Backers of a planned natural gas storage facility to serve Alaska’s gas-short Southcentral region plan to begin some work on the project in October or November, they told the Regulatory Commission of Alaska (RCA) in a filing.

Cook Inlet Natural Gas Storage Alaska LLC (CINGSA), which is a venture of Semco Energy Inc. and MidAmerican Energy Holdings Co., said, “Process and mechanical designs for the surface facilities for gas injection and withdrawal facilities have been completed. The technical specifications for the engine-compressor units and nine major equipment items associated with gas injection have been prepared.”

CINGSA intends to convert a depleted reservoir in the Kenai Peninsula Borough for storage utilizing five injection/withdrawal wells and two compressors. Customers of the facility — Semco’s Enstar Natural Gas utility, Chugach Electric Association and Anchorage Municipal Light and Power — will provide gas for injection into storage from various sources in the Cook Inlet region via the Kenai Nikiski Pipeline.

“Working gas will generally be injected into the proposed storage facility during the summer months when available supply exceeds demand,” CINGSA said in an earlier filing. “The proposed gas storage facility will have an initial working gas storage capacity of 11 Bcf and has been designed so that additional compression, separation, dehydration, measurement, and storage injection/withdrawal wells can be accommodated, if expansion of the facility is warranted.”
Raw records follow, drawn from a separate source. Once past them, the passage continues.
(* Let $\delta>0$, let $T$ be a positive integer, and let $\Gamma$ be $\beta$-regular with constants $0<c_0<C_0$. Then $$\mathbb{E}_\Gamma\Bigl[\mathbf 1(\mu<1-3\delta)\min\Bigl(1+\frac{1}{1-2\delta-\mu},\,T(1-\mu)\Bigr)\Bigr]\le C_0\cdot\begin{cases}5+\log(1/\delta),&\beta=1,\\ C(\beta),&\beta>1,\\ C(\beta)\min(\sqrt T,1/\delta)^{1-\beta},&\beta<1,\end{cases}$$ where $C(\beta)$ is a constant depending only on $\beta$.
   Context: A distribution $\Gamma$ on $[0,1]$ is $\beta$-regular if there exist constants $0<c_0<C_0$ such that $c_0\epsilon^\beta\le\mathbb{P}_\Gamma(\mu>1-\epsilon)\le\mathbb{P}_\Gamma(\mu\ge1-\epsilon)\le C_0\epsilon^\beta$ for all $\epsilon\in(0,1]$. $\mathbb{E}_\Gamma$ denotes expectation over $\mu\sim\Gamma$. *)

theory Defs
  imports "HOL-Probability.Probability"
begin

definition distribution_on_unit :: "real measure \<Rightarrow> bool" where
  "distribution_on_unit \<Gamma> \<longleftrightarrow>
     prob_space \<Gamma> \<and> sets \<Gamma> = sets borel \<and> measure \<Gamma> {0..1} = 1"

definition beta_regular :: "real measure \<Rightarrow> real \<Rightarrow> real \<Rightarrow> real \<Rightarrow> bool" where
  "beta_regular \<Gamma> \<beta> c0 C0 \<longleftrightarrow>
     distribution_on_unit \<Gamma> \<and> 0 < c0 \<and> c0 < C0 \<and>
     (\<forall>\<epsilon>\<in>{0<..1}.
        c0 * \<epsilon> powr \<beta> \<le> measure \<Gamma> {\<mu>. \<mu> > 1 - \<epsilon>} \<and>
        measure \<Gamma> {\<mu>. \<mu> > 1 - \<epsilon>} \<le> measure \<Gamma> {\<mu>. \<mu> \<ge> 1 - \<epsilon>} \<and>
        measure \<Gamma> {\<mu>. \<mu> \<ge> 1 - \<epsilon>} \<le> C0 * \<epsilon> powr \<beta>)"

end

theory Submission
  imports Defs
begin

text \<open>Write x = 1 - \<mu>. When x > 3\<delta> the integrand is at most 1 + 1/(x - 2\<delta>), and, using the cap
  T x as well, at most 1 + 3 / max x b with b = 3 / (2 min (sqrt T) (1/\<delta>)). Each bound is a
  constant plus the integral of an explicit weight w over (x, 1), so exchanging the order of
  integration bounds the expectation by that constant plus the integral of w(t) P(\<mu> > 1 - t),
  which is at most the integral of w(t) C0 t^\<beta>. For w(t) = (t - 2\<delta>)^-2 on (3\<delta>, 1) this is
  about C0 ln(1/\<delta>) if \<beta> = 1 and C0/(\<beta> - 1) if \<beta> > 1; for \<beta> < 1 the weight 3 t^-2 on
  (b, 1) gives C0 b^(\<beta>-1)/(1 - \<beta>). The additive constants are absorbed using C0 \<ge> 1, which is
  the upper tail bound at \<epsilon> = 1.\<close>

lemma nn_integral_Ioo_FTC:
  fixes F g :: "real \<Rightarrow> real"
  assumes "a \<le> b"
    and deriv: "\<And>t. a \<le> t \<Longrightarrow> t \<le> b \<Longrightarrow> (F has_real_derivative g t) (at t)"
    and nonneg: "\<And>t. a < t \<Longrightarrow> t < b \<Longrightarrow> 0 \<le> g t"
  shows "(\<integral>\<^sup>+t. ennreal (g t) * indicator {a<..<b} t \<partial>lborel) = ennreal (F b - F a)"
proof -
  have "(g has_integral F b - F a) {a..b}"
    using \<open>a \<le> b\<close> deriv
    by (intro fundamental_theorem_of_calculus)
       (auto simp: has_real_derivative_iff_has_vector_derivative[symmetric]
             intro: has_field_derivative_at_within)
  then have "(g has_integral F b - F a) {a<..<b}"
    by (simp add: has_integral_Icc_iff_Ioo)
  then show ?thesis
    using nonneg by (intro nn_integral_has_integral_lebesgue') auto
qed

lemma nn_integral_powr_Ioo:
  fixes a b c r :: real
  assumes "0 \<le> c" "0 < a" "a \<le> b" "r \<noteq> -1"
  shows "(\<integral>\<^sup>+t. ennreal (c * t powr r) * indicator {a<..<b} t \<partial>lborel)
           = ennreal (c * (b powr (r + 1) - a powr (r + 1)) / (r + 1))"
proof -
  have "r + 1 \<noteq> 0" using assms(4) by linarith
  have "((\<lambda>t. c * t powr (r + 1) / (r + 1)) has_real_derivative c * t powr r) (at t)"
    if "0 < t" for t
    using that \<open>r + 1 \<noteq> 0\<close> by (auto intro!: derivative_eq_intros)
  then show ?thesis
    using assms by (subst nn_integral_Ioo_FTC[where F = "\<lambda>t. c * t powr (r + 1) / (r + 1)"])
      (auto simp: diff_divide_distrib right_diff_distrib)
qed

lemma nn_integral_powr_Ioo_le_upper:
  fixes a b c r :: real
  assumes "0 \<le> c" "0 < a" "0 < b" "-1 < r"
  shows "(\<integral>\<^sup>+t. ennreal (c * t powr r) * indicator {a<..<b} t \<partial>lborel)
           \<le> ennreal (c * b powr (r + 1) / (r + 1))"
proof (cases "a \<le> b")
  case True
  then show ?thesis
    using assms by (simp add: nn_integral_powr_Ioo ennreal_leI divide_right_mono mult_left_mono)
next
  case False
  then show ?thesis by simp
qed

lemma nn_integral_powr_Ioo_le_lower:
  fixes a b c r :: real
  assumes "0 \<le> c" "0 < a" "r < -1"
  shows "(\<integral>\<^sup>+t. ennreal (c * t powr r) * indicator {a<..<b} t \<partial>lborel)
           \<le> ennreal (c * a powr (r + 1) / - (r + 1))"
proof (cases "a \<le> b")
  case True
  have "c * (b powr (r + 1) - a powr (r + 1)) / (r + 1)
      = c * (a powr (r + 1) - b powr (r + 1)) / - (r + 1)"
    by (simp add: divide_simps) (simp add: algebra_simps)
  also have "\<dots> \<le> c * a powr (r + 1) / - (r + 1)"
    using assms by (intro divide_right_mono mult_left_mono) auto
  finally show ?thesis
    using assms True by (simp add: nn_integral_powr_Ioo ennreal_leI)
next
  case False
  then show ?thesis by simp
qed

lemma measurable_upper_tail_weight:
  fixes w :: "real \<Rightarrow> ennreal"
  assumes "sets \<Gamma> = sets borel" "w \<in> borel_measurable borel"
  shows "(\<lambda>(\<mu>, t). w t * indicator {1 - \<mu><..} t) \<in> borel_measurable (\<Gamma> \<Otimes>\<^sub>M lborel)"
proof -
  have "(\<lambda>p::real \<times> real. w (snd p) * indicator {p. 1 - fst p < snd p} p)
      \<in> borel_measurable (borel \<Otimes>\<^sub>M borel)"
    using assms(2) by measurable
  then show ?thesis
    by (subst measurable_cong_sets[OF sets_pair_measure_cong[OF assms(1) sets_lborel] refl])
       (simp add: case_prod_beta indicator_def)
qed

lemma nn_integral_upper_tail_Fubini:
  fixes w :: "real \<Rightarrow> ennreal"
  assumes "sigma_finite_measure \<Gamma>" "sets \<Gamma> = sets borel" "w \<in> borel_measurable borel"
  shows "(\<integral>\<^sup>+\<mu>. (\<integral>\<^sup>+t. w t * indicator {1 - \<mu><..} t \<partial>lborel) \<partial>\<Gamma>)
           = (\<integral>\<^sup>+t. w t * emeasure \<Gamma> {1 - t<..} \<partial>lborel)"
proof -
  interpret pair_sigma_finite \<Gamma> lborel
    using assms(1) by (simp add: pair_sigma_finite.intro sigma_finite_lborel)
  have "(\<integral>\<^sup>+\<mu>. (\<integral>\<^sup>+t. w t * indicator {1 - \<mu><..} t \<partial>lborel) \<partial>\<Gamma>)
      = (\<integral>\<^sup>+t. (\<integral>\<^sup>+\<mu>. w t * indicator {1 - \<mu><..} t \<partial>\<Gamma>) \<partial>lborel)"
    using Fubini'[OF measurable_upper_tail_weight[OF assms(2,3)]] by simp
  also have "\<dots> = (\<integral>\<^sup>+t. (\<integral>\<^sup>+\<mu>. w t * indicator {1 - t<..} \<mu> \<partial>\<Gamma>) \<partial>lborel)"
    by (intro nn_integral_cong) (auto simp: indicator_def)
  also have "\<dots> = (\<integral>\<^sup>+t. w t * emeasure \<Gamma> {1 - t<..} \<partial>lborel)"
    using assms(2) by (simp add: nn_integral_cmult_indicator)
  finally show ?thesis .
qed

lemma nn_integral_le_upper_tail_weighted:
  fixes f G :: "real \<Rightarrow> real" and w :: "real \<Rightarrow> ennreal"
  assumes \<Gamma>: "prob_space \<Gamma>" "sets \<Gamma> = sets borel"
    and w: "w \<in> borel_measurable borel" "\<And>t. t \<notin> {0<..<1} \<Longrightarrow> w t = 0"
    and tail: "\<And>t. 0 < t \<Longrightarrow> t < 1 \<Longrightarrow> measure \<Gamma> {1 - t<..} \<le> G t"
    and f: "AE \<mu> in \<Gamma>. ennreal (f \<mu>) \<le> A + (\<integral>\<^sup>+t. w t * indicator {1 - \<mu><..} t \<partial>lborel)"
  shows "(\<integral>\<^sup>+\<mu>. ennreal (f \<mu>) \<partial>\<Gamma>) \<le> A + (\<integral>\<^sup>+t. w t * ennreal (G t) \<partial>lborel)"
proof -
  interpret prob_space \<Gamma> by (rule \<Gamma>(1))
  have inner: "(\<lambda>\<mu>. \<integral>\<^sup>+t. w t * indicator {1 - \<mu><..} t \<partial>lborel) \<in> borel_measurable \<Gamma>"
    using lborel.borel_measurable_nn_integral[OF measurable_upper_tail_weight[OF \<Gamma>(2) w(1)]] by simp
  have "(\<integral>\<^sup>+\<mu>. ennreal (f \<mu>) \<partial>\<Gamma>) \<le> (\<integral>\<^sup>+\<mu>. A + (\<integral>\<^sup>+t. w t * indicator {1 - \<mu><..} t \<partial>lborel) \<partial>\<Gamma>)"
    by (rule nn_integral_mono_AE[OF f])
  also have "\<dots> = A + (\<integral>\<^sup>+\<mu>. (\<integral>\<^sup>+t. w t * indicator {1 - \<mu><..} t \<partial>lborel) \<partial>\<Gamma>)"
    using inner by (simp add: nn_integral_add emeasure_space_1)
  also have "\<dots> = A + (\<integral>\<^sup>+t. w t * emeasure \<Gamma> {1 - t<..} \<partial>lborel)"
    using \<Gamma>(2) w(1)
    by (simp add: nn_integral_upper_tail_Fubini prob_space_imp_sigma_finite[OF \<Gamma>(1)])
  also have "\<dots> \<le> A + (\<integral>\<^sup>+t. w t * ennreal (G t) \<partial>lborel)"
  proof (intro add_left_mono nn_integral_mono)
    fix t
    show "w t * emeasure \<Gamma> {1 - t<..} \<le> w t * ennreal (G t)"
      using w(2)[of t] tail[of t]
      by (cases "0 < t \<and> t < 1") (auto simp: emeasure_eq_measure intro!: mult_left_mono ennreal_leI)
  qed
  finally show ?thesis .
qed

lemma beta_regular_distribution:
  assumes "beta_regular \<Gamma> \<beta> c0 C0"
  shows "prob_space \<Gamma>" "sets \<Gamma> = sets borel" "AE \<mu> in \<Gamma>. \<mu> \<in> {0..1}"
proof -
  show "prob_space \<Gamma>" "sets \<Gamma> = sets borel"
    using assms by (auto simp: beta_regular_def distribution_on_unit_def)
  then show "AE \<mu> in \<Gamma>. \<mu> \<in> {0..1}"
    using assms
    by (intro prob_space.AE_prob_1) (auto simp: beta_regular_def distribution_on_unit_def)
qed

lemma beta_regular_upper_tail:
  assumes "beta_regular \<Gamma> \<beta> c0 C0" "0 < t" "t \<le> 1"
  shows "measure \<Gamma> {1 - t<..} \<le> C0 * t powr \<beta>"
proof -
  have "measure \<Gamma> {\<mu>. \<mu> > 1 - t} \<le> C0 * t powr \<beta>"
    using assms unfolding beta_regular_def by (meson greaterThanAtMost_iff order.trans)
  then show ?thesis by (simp add: greaterThan_def)
qed

lemma beta_regular_one_le_C0:
  assumes "beta_regular \<Gamma> \<beta> c0 C0"
  shows "1 \<le> C0"
proof -
  interpret prob_space \<Gamma> using beta_regular_distribution(1)[OF assms] .
  have "1 = measure \<Gamma> {0..1}"
    using assms by (simp add: beta_regular_def distribution_on_unit_def)
  also have "\<dots> \<le> measure \<Gamma> {\<mu>. \<mu> \<ge> 1 - 1}"
    using beta_regular_distribution(2)[OF assms] by (intro finite_measure_mono) auto
  also have "\<dots> \<le> C0 * 1 powr \<beta>"
    using assms unfolding beta_regular_def
    by (meson greaterThanAtMost_iff order.trans zero_less_one order_refl)
  finally show ?thesis by simp
qed

definition gap_integrand :: "real \<Rightarrow> nat \<Rightarrow> real \<Rightarrow> real" where
  "gap_integrand \<delta> T \<mu> =
     indicator {..<1 - 3 * \<delta>} \<mu> * min (1 + 1 / (1 - 2 * \<delta> - \<mu>)) (real T * (1 - \<mu>))"

lemma gap_integrand_le_reciprocal_tail:
  fixes \<delta> \<mu> :: real
  assumes \<delta>: "0 < \<delta>" "\<delta> < 1/3" and "0 \<le> \<mu>"
  shows "ennreal (gap_integrand \<delta> T \<mu>) \<le> ennreal (1 + 1 / (1 - 2 * \<delta>)) +
    (\<integral>\<^sup>+t. ennreal (1 / (t - 2 * \<delta>)^2) * indicator {3 * \<delta><..<1} t * indicator {1 - \<mu><..} t \<partial>lborel)"
proof (cases "\<mu> < 1 - 3 * \<delta>")
  case False
  then show ?thesis by (simp add: gap_integrand_def)
next
  case True
  define x where "x = 1 - \<mu>"
  have x: "3 * \<delta> < x" "x \<le> 1"
    using True \<open>0 \<le> \<mu>\<close> by (auto simp: x_def)
  have "(\<integral>\<^sup>+t. ennreal (1 / (t - 2 * \<delta>)^2) * indicator {3 * \<delta><..<1} t * indicator {1 - \<mu><..} t \<partial>lborel)
      = (\<integral>\<^sup>+t. ennreal (1 / (t - 2 * \<delta>)^2) * indicator {x<..<1} t \<partial>lborel)"
    using x by (intro nn_integral_cong) (auto simp: x_def indicator_def)
  also have "\<dots> = ennreal (- 1 / (1 - 2 * \<delta>) - - 1 / (x - 2 * \<delta>))"
    using x \<delta>
    by (intro nn_integral_Ioo_FTC) (auto intro!: derivative_eq_intros simp: power2_eq_square)
  finally have integral:
    "(\<integral>\<^sup>+t. ennreal (1 / (t - 2 * \<delta>)^2) * indicator {3 * \<delta><..<1} t * indicator {1 - \<mu><..} t \<partial>lborel)
       = ennreal (1 / (x - 2 * \<delta>) - 1 / (1 - 2 * \<delta>))"
    by simp
  have gap: "1 - 2 * \<delta> - \<mu> = x - 2 * \<delta>" by (simp add: x_def)
  have "ennreal (gap_integrand \<delta> T \<mu>)
      \<le> ennreal ((1 + 1 / (1 - 2 * \<delta>)) + (1 / (x - 2 * \<delta>) - 1 / (1 - 2 * \<delta>)))"
    using True unfolding gap_integrand_def gap by (intro ennreal_leI) simp
  also have "\<dots> = ennreal (1 + 1 / (1 - 2 * \<delta>)) + ennreal (1 / (x - 2 * \<delta>) - 1 / (1 - 2 * \<delta>))"
    using x \<delta> by (intro ennreal_plus) (simp_all add: frac_le)
  finally show ?thesis
    unfolding integral .
qed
Storage injections are expected to begin in 2012.

“CINGSA is an important ingredient for assuring that Enstar Natural Gas Co. and Cook Inlet electric utilities are able to meet the needs of their customers, especially during times when the demand for gas and electricity generation using gas is high each winter,” said Semco CEO George Schreiber in July at the time of the project’s initial filing with the RCA.

The project is slated to cost about $180 million and is said to be needed because the ability to deliver gas to customers when they need it has dramatically declined as Cook Inlet gas fields have aged. Enstar and other area utilities have had difficulty securing gas supplies in recent years and have been forced to consider conservation measures (see Daily GPI, Sept. 3, 2009).